TASK DESCRIPTION —
Pull out each line of the records holding the string "params".
::: DATASET EXCERPTS :::
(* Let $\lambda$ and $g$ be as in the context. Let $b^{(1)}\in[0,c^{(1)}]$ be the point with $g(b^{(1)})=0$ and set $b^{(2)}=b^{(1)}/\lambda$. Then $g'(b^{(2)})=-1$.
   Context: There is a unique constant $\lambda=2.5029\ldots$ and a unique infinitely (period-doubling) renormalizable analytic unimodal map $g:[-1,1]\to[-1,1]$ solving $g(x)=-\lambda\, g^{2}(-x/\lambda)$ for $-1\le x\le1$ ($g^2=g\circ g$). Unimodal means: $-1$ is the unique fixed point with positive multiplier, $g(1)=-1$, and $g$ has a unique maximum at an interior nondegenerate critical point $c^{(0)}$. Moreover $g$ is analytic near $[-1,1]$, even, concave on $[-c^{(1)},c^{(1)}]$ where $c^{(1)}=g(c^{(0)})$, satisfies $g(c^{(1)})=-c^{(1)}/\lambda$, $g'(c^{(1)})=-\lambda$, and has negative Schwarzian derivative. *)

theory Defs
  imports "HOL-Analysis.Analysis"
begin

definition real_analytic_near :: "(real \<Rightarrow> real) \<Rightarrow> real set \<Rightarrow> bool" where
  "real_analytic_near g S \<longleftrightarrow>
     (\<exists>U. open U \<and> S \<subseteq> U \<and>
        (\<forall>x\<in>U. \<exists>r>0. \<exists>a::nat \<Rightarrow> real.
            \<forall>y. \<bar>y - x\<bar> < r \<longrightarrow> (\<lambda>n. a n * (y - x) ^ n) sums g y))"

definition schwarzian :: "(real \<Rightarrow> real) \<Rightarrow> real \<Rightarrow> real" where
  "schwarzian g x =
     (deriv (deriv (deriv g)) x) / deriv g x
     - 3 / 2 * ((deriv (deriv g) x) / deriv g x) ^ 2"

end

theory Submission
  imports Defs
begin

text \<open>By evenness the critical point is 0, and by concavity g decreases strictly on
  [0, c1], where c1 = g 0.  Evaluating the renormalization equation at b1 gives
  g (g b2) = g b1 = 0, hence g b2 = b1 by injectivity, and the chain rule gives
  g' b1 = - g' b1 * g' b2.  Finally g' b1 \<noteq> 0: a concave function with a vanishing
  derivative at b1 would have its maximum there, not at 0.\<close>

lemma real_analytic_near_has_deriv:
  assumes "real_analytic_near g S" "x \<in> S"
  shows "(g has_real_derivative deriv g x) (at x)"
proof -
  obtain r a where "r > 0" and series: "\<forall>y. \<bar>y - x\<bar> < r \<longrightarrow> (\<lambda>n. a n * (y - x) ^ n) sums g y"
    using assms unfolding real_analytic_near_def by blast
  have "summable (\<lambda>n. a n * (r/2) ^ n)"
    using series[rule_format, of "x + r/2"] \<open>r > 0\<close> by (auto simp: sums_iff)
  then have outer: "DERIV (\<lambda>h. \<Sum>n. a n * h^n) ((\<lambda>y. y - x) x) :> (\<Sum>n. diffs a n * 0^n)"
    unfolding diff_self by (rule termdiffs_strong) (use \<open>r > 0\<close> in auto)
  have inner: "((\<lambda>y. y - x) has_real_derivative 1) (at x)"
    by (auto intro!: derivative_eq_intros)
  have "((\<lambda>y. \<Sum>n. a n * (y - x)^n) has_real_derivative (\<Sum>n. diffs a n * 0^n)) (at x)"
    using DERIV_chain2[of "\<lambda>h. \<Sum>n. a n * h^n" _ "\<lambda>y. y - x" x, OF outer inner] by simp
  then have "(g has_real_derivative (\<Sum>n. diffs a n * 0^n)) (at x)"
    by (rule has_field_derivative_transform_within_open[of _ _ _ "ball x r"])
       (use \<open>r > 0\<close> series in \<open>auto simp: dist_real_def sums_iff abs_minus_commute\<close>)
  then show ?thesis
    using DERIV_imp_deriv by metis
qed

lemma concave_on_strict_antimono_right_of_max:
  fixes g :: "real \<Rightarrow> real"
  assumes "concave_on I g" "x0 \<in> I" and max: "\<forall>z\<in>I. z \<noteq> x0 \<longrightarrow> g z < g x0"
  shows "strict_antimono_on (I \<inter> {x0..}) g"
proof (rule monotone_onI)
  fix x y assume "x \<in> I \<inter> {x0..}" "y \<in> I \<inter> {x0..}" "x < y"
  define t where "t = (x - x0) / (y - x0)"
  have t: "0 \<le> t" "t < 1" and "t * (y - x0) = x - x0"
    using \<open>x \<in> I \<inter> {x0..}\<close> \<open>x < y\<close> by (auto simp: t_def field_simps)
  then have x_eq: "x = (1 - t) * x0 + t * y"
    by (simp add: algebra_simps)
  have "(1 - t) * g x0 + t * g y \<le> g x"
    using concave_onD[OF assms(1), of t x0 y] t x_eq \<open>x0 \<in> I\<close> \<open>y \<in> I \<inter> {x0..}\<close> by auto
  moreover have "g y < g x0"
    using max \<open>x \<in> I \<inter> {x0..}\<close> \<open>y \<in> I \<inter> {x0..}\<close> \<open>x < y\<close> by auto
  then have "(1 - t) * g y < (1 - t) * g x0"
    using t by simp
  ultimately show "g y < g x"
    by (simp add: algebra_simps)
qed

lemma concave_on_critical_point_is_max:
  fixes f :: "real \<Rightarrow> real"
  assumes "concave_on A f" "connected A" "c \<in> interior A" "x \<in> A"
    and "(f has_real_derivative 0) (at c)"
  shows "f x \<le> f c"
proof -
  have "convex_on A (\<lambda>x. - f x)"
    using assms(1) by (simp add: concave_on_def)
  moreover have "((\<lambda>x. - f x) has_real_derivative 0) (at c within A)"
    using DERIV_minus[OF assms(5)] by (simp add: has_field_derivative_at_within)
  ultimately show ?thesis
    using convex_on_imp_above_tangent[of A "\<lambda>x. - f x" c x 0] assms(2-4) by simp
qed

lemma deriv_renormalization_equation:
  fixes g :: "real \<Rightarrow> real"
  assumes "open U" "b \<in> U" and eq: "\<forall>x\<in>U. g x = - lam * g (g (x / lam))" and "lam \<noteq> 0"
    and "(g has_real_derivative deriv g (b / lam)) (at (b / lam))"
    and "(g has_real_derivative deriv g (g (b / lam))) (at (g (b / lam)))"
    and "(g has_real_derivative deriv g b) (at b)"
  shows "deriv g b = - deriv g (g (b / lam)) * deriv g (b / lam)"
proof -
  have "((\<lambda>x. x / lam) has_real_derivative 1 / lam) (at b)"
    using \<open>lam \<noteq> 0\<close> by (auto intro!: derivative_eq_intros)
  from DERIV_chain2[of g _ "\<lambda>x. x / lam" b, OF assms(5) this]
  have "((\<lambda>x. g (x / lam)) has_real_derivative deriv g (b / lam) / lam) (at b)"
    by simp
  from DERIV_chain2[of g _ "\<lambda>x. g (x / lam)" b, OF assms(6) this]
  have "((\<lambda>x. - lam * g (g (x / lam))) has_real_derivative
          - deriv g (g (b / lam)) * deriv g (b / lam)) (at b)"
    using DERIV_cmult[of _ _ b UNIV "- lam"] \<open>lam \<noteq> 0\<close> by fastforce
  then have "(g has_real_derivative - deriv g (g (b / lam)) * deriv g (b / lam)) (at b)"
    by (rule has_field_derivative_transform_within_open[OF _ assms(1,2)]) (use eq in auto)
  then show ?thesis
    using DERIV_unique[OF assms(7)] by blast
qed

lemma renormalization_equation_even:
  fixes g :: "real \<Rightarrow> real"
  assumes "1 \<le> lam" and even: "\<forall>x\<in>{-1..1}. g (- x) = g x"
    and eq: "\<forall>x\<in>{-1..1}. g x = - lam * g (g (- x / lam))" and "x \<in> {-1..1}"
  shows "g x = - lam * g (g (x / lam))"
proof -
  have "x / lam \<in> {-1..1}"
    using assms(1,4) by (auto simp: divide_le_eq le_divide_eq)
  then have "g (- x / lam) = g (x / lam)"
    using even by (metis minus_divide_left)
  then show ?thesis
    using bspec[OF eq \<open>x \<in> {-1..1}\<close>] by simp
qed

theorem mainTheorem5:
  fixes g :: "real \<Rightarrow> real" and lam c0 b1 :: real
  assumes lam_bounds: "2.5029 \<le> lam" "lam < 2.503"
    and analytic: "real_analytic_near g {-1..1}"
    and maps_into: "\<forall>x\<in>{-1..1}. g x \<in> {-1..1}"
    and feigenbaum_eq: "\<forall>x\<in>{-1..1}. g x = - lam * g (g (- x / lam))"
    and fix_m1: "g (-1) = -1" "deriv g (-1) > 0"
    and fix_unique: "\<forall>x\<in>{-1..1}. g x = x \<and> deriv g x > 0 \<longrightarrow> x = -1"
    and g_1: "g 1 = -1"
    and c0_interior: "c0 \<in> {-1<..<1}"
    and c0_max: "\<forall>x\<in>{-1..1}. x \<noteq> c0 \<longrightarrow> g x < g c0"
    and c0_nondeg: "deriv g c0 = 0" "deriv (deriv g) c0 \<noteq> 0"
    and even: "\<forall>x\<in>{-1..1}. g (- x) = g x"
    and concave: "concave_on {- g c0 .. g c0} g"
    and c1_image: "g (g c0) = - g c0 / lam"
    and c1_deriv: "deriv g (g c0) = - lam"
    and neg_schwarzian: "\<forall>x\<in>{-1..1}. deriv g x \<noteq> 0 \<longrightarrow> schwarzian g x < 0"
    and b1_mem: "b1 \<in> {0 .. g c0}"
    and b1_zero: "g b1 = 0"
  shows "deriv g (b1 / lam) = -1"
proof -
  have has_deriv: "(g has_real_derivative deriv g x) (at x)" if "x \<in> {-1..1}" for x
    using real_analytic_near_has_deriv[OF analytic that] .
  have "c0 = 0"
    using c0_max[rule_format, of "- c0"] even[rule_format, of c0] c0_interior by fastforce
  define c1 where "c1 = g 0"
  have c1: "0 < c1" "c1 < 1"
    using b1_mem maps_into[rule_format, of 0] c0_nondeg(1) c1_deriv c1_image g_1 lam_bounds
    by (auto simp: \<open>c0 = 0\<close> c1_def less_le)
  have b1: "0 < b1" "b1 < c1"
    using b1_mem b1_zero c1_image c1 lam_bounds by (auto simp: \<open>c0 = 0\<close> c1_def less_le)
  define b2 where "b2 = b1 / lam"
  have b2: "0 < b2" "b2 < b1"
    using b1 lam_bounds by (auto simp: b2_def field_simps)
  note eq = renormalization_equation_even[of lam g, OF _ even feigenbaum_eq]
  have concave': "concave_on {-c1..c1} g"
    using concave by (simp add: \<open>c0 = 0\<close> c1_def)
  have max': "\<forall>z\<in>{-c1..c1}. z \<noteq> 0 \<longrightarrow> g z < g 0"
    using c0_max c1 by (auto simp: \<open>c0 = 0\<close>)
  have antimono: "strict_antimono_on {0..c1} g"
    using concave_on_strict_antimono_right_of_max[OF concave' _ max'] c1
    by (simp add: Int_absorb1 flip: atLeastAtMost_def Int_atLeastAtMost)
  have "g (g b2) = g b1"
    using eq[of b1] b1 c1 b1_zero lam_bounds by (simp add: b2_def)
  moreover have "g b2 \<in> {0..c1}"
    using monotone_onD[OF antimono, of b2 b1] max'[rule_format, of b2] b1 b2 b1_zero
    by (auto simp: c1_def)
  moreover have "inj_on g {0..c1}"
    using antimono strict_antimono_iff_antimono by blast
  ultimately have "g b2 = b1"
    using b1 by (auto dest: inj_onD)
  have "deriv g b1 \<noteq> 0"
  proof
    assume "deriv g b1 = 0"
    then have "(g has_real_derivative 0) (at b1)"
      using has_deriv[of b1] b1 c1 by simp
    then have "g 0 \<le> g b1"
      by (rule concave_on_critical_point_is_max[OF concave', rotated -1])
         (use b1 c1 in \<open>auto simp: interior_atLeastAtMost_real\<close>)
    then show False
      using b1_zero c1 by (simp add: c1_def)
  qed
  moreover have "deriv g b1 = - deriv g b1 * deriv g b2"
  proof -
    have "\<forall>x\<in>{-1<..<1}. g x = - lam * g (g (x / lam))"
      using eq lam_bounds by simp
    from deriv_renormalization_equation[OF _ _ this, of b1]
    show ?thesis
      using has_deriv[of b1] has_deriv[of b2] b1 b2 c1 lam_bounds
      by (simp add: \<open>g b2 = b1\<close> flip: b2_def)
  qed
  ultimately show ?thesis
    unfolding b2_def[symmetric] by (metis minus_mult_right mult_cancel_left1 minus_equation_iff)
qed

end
:::
::: DATASET EXCERPTS :::
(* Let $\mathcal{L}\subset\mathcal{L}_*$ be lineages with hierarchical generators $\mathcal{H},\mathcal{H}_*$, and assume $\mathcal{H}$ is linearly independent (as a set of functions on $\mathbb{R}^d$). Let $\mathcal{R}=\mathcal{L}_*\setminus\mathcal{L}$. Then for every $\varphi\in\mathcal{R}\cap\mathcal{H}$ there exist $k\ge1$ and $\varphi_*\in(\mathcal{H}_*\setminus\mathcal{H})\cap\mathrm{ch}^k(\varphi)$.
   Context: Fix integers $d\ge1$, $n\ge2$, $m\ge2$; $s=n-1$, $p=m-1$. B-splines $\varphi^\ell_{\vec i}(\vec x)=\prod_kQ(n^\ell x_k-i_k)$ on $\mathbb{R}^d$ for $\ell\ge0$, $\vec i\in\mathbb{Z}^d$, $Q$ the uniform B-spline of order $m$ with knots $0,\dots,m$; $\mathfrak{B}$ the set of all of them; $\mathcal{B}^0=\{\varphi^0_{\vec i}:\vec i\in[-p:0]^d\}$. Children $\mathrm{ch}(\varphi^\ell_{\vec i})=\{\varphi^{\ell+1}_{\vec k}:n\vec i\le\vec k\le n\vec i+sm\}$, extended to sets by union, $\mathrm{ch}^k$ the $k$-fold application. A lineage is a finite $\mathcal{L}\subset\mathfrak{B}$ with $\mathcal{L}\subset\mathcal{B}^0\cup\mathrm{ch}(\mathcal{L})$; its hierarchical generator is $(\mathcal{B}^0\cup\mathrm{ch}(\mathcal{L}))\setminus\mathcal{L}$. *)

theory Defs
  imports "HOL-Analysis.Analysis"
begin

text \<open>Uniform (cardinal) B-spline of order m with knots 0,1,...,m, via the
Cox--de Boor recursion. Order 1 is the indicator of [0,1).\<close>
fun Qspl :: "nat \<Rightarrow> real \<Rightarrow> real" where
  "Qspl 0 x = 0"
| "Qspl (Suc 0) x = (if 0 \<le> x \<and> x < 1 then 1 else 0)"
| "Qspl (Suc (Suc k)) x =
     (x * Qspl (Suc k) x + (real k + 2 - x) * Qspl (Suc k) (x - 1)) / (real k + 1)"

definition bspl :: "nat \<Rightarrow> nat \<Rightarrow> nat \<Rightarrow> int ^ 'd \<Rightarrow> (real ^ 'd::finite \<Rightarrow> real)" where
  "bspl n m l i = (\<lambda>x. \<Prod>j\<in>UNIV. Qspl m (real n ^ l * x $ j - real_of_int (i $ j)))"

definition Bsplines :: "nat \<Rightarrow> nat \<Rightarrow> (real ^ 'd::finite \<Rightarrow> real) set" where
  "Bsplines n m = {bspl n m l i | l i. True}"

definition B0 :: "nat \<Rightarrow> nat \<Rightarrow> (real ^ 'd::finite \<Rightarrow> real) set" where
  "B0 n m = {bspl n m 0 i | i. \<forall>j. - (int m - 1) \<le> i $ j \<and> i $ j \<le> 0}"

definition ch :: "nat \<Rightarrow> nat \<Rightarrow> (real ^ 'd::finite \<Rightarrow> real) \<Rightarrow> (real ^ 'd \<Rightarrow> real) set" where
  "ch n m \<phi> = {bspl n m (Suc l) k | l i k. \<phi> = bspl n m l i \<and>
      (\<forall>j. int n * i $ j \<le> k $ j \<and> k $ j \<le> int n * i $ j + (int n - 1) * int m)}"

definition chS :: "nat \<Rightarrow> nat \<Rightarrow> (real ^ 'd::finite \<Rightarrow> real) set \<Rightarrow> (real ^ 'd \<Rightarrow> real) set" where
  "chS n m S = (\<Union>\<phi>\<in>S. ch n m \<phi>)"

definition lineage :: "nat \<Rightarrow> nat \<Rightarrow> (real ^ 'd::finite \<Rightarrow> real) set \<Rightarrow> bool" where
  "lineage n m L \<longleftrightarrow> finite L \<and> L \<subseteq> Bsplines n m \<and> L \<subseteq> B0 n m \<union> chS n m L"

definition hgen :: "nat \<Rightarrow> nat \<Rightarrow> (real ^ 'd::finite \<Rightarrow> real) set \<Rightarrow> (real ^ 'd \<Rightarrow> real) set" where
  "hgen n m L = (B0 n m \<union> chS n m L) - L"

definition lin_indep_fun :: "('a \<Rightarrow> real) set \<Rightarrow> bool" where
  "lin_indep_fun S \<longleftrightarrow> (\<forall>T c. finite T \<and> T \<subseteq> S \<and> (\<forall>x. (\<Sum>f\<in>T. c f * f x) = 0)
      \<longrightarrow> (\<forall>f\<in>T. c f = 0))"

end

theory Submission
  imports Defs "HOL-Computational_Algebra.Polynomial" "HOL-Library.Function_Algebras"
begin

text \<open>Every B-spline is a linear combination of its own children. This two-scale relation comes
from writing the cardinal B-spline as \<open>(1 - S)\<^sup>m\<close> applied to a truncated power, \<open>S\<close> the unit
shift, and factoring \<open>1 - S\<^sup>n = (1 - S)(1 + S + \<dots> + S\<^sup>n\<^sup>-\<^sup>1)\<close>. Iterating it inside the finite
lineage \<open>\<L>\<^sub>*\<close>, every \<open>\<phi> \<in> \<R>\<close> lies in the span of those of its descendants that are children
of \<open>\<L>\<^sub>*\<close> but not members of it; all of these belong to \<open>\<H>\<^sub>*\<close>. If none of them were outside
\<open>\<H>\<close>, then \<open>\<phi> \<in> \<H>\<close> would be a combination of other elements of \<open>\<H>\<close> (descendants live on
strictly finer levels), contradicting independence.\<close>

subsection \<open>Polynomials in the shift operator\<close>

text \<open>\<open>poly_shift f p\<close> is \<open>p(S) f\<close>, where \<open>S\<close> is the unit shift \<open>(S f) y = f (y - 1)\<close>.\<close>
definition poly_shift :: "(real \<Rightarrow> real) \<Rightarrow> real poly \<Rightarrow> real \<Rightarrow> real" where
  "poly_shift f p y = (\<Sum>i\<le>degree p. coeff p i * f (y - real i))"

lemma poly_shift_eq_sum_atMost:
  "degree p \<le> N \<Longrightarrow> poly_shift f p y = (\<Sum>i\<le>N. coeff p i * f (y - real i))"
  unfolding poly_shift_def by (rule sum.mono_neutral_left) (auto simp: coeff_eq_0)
:::
::: DATASET EXCERPTS :::
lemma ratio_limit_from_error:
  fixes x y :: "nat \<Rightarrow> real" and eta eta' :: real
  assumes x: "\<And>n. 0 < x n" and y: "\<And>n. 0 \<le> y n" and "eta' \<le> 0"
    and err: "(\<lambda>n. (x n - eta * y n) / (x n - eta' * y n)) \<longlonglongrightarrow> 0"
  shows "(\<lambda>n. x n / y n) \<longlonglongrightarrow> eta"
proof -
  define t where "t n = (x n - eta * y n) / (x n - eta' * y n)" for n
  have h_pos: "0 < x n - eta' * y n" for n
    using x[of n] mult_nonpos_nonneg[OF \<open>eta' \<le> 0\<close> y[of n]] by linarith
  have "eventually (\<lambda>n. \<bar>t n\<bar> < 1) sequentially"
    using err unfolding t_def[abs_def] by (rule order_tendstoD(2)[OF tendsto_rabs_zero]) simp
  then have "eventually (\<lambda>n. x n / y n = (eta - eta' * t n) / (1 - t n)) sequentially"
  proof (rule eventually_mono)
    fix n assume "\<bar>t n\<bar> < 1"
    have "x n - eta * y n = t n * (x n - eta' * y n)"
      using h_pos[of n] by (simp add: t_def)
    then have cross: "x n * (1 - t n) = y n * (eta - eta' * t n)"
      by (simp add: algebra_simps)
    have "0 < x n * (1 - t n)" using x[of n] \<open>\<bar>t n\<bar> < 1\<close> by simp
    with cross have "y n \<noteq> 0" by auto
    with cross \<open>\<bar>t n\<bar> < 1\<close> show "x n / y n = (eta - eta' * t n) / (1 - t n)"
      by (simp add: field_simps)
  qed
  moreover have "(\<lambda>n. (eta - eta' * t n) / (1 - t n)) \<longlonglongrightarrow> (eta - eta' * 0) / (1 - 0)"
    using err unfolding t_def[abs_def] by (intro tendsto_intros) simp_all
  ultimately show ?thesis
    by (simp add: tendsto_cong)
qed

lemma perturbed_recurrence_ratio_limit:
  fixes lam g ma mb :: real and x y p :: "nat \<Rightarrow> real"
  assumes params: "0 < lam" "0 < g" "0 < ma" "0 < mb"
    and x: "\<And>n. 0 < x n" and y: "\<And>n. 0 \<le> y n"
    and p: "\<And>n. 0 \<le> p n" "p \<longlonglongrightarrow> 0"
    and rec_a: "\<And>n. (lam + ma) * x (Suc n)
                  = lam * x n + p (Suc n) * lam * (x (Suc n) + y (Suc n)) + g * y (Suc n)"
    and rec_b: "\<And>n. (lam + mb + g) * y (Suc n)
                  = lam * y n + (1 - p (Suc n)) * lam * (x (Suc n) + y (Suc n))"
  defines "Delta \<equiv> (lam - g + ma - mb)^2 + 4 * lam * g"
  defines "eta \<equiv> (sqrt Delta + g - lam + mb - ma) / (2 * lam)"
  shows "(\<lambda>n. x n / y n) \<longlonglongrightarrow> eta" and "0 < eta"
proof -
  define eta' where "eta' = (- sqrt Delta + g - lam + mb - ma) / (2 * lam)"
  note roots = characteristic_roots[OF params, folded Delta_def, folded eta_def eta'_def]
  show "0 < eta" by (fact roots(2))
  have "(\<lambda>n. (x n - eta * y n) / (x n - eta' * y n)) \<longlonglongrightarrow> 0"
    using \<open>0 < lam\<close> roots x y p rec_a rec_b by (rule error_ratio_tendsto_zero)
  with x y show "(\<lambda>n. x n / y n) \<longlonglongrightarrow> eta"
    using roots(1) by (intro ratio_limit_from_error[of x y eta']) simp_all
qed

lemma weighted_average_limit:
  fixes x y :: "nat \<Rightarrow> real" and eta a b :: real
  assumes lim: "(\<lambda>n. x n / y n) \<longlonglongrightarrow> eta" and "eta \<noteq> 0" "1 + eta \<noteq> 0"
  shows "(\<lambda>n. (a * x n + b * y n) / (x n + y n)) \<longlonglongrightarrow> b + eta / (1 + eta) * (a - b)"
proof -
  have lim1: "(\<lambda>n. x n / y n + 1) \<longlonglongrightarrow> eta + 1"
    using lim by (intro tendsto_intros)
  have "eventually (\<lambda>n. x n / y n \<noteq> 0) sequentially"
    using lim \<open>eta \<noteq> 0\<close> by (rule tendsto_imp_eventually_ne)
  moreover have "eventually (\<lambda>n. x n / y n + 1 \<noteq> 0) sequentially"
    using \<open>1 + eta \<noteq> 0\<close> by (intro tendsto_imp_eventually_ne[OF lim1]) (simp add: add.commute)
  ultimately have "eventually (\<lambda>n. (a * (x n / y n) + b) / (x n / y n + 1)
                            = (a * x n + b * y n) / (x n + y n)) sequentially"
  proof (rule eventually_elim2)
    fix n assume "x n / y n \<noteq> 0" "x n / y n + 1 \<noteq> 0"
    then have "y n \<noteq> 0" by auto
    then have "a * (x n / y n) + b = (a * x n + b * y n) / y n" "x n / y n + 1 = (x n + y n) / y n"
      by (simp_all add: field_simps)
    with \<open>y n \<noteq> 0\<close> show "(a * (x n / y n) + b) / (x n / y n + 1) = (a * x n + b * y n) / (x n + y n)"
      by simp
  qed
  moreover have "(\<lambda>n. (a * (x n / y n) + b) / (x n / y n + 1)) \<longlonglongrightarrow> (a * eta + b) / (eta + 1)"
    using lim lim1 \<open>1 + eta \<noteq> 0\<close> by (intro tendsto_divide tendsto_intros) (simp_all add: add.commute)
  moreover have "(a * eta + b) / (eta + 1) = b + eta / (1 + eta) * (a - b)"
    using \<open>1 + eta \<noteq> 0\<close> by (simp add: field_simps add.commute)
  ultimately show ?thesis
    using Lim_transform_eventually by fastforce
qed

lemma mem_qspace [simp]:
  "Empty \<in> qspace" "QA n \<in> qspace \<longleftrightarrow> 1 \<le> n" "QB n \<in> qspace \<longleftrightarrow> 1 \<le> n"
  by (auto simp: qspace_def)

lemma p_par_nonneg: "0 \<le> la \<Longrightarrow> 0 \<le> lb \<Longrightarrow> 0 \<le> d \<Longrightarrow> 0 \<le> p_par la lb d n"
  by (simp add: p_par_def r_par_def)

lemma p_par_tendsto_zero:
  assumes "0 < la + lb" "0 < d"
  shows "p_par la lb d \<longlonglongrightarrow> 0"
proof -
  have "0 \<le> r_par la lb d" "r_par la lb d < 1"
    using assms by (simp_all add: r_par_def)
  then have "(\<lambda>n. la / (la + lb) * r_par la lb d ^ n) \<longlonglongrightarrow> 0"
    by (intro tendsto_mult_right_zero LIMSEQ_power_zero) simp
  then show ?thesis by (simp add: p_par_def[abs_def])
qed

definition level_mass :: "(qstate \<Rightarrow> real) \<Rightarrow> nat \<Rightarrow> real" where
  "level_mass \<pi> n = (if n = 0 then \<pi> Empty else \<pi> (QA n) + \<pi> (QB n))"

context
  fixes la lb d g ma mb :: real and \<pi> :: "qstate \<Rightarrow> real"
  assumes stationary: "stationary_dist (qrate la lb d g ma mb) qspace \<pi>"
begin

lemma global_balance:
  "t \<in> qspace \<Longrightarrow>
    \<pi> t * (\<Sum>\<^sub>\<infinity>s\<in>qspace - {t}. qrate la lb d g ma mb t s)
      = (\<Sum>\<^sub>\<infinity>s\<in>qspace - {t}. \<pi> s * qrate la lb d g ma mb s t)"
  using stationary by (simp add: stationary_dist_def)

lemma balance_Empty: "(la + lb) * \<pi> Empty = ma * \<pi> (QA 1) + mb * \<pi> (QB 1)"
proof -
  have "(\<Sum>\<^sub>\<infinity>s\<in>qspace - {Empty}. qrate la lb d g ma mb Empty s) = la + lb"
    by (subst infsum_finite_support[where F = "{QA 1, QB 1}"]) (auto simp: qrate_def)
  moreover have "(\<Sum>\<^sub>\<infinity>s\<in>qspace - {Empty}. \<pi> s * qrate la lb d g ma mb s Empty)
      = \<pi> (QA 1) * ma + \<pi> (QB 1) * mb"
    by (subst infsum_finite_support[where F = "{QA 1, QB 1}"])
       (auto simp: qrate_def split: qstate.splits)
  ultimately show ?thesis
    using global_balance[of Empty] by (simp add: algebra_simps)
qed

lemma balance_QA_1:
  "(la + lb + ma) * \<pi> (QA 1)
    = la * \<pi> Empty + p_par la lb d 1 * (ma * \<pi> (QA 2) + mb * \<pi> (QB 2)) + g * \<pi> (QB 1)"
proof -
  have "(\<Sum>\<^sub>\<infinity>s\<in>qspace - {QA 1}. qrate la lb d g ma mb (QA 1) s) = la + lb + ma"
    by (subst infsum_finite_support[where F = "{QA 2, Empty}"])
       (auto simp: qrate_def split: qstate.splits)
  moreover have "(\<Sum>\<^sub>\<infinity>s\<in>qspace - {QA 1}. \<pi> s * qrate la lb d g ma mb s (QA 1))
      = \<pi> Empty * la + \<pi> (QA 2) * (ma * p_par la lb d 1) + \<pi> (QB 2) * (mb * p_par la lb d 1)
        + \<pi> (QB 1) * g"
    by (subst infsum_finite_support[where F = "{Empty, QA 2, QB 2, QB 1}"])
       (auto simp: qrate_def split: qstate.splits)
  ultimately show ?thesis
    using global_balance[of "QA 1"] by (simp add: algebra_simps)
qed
:::
SOLUTION TO THIS TASK —
  assumes params: "0 < lam" "0 < g" "0 < ma" "0 < mb"
  note roots = characteristic_roots[OF params, folded Delta_def, folded eta_def eta'_def]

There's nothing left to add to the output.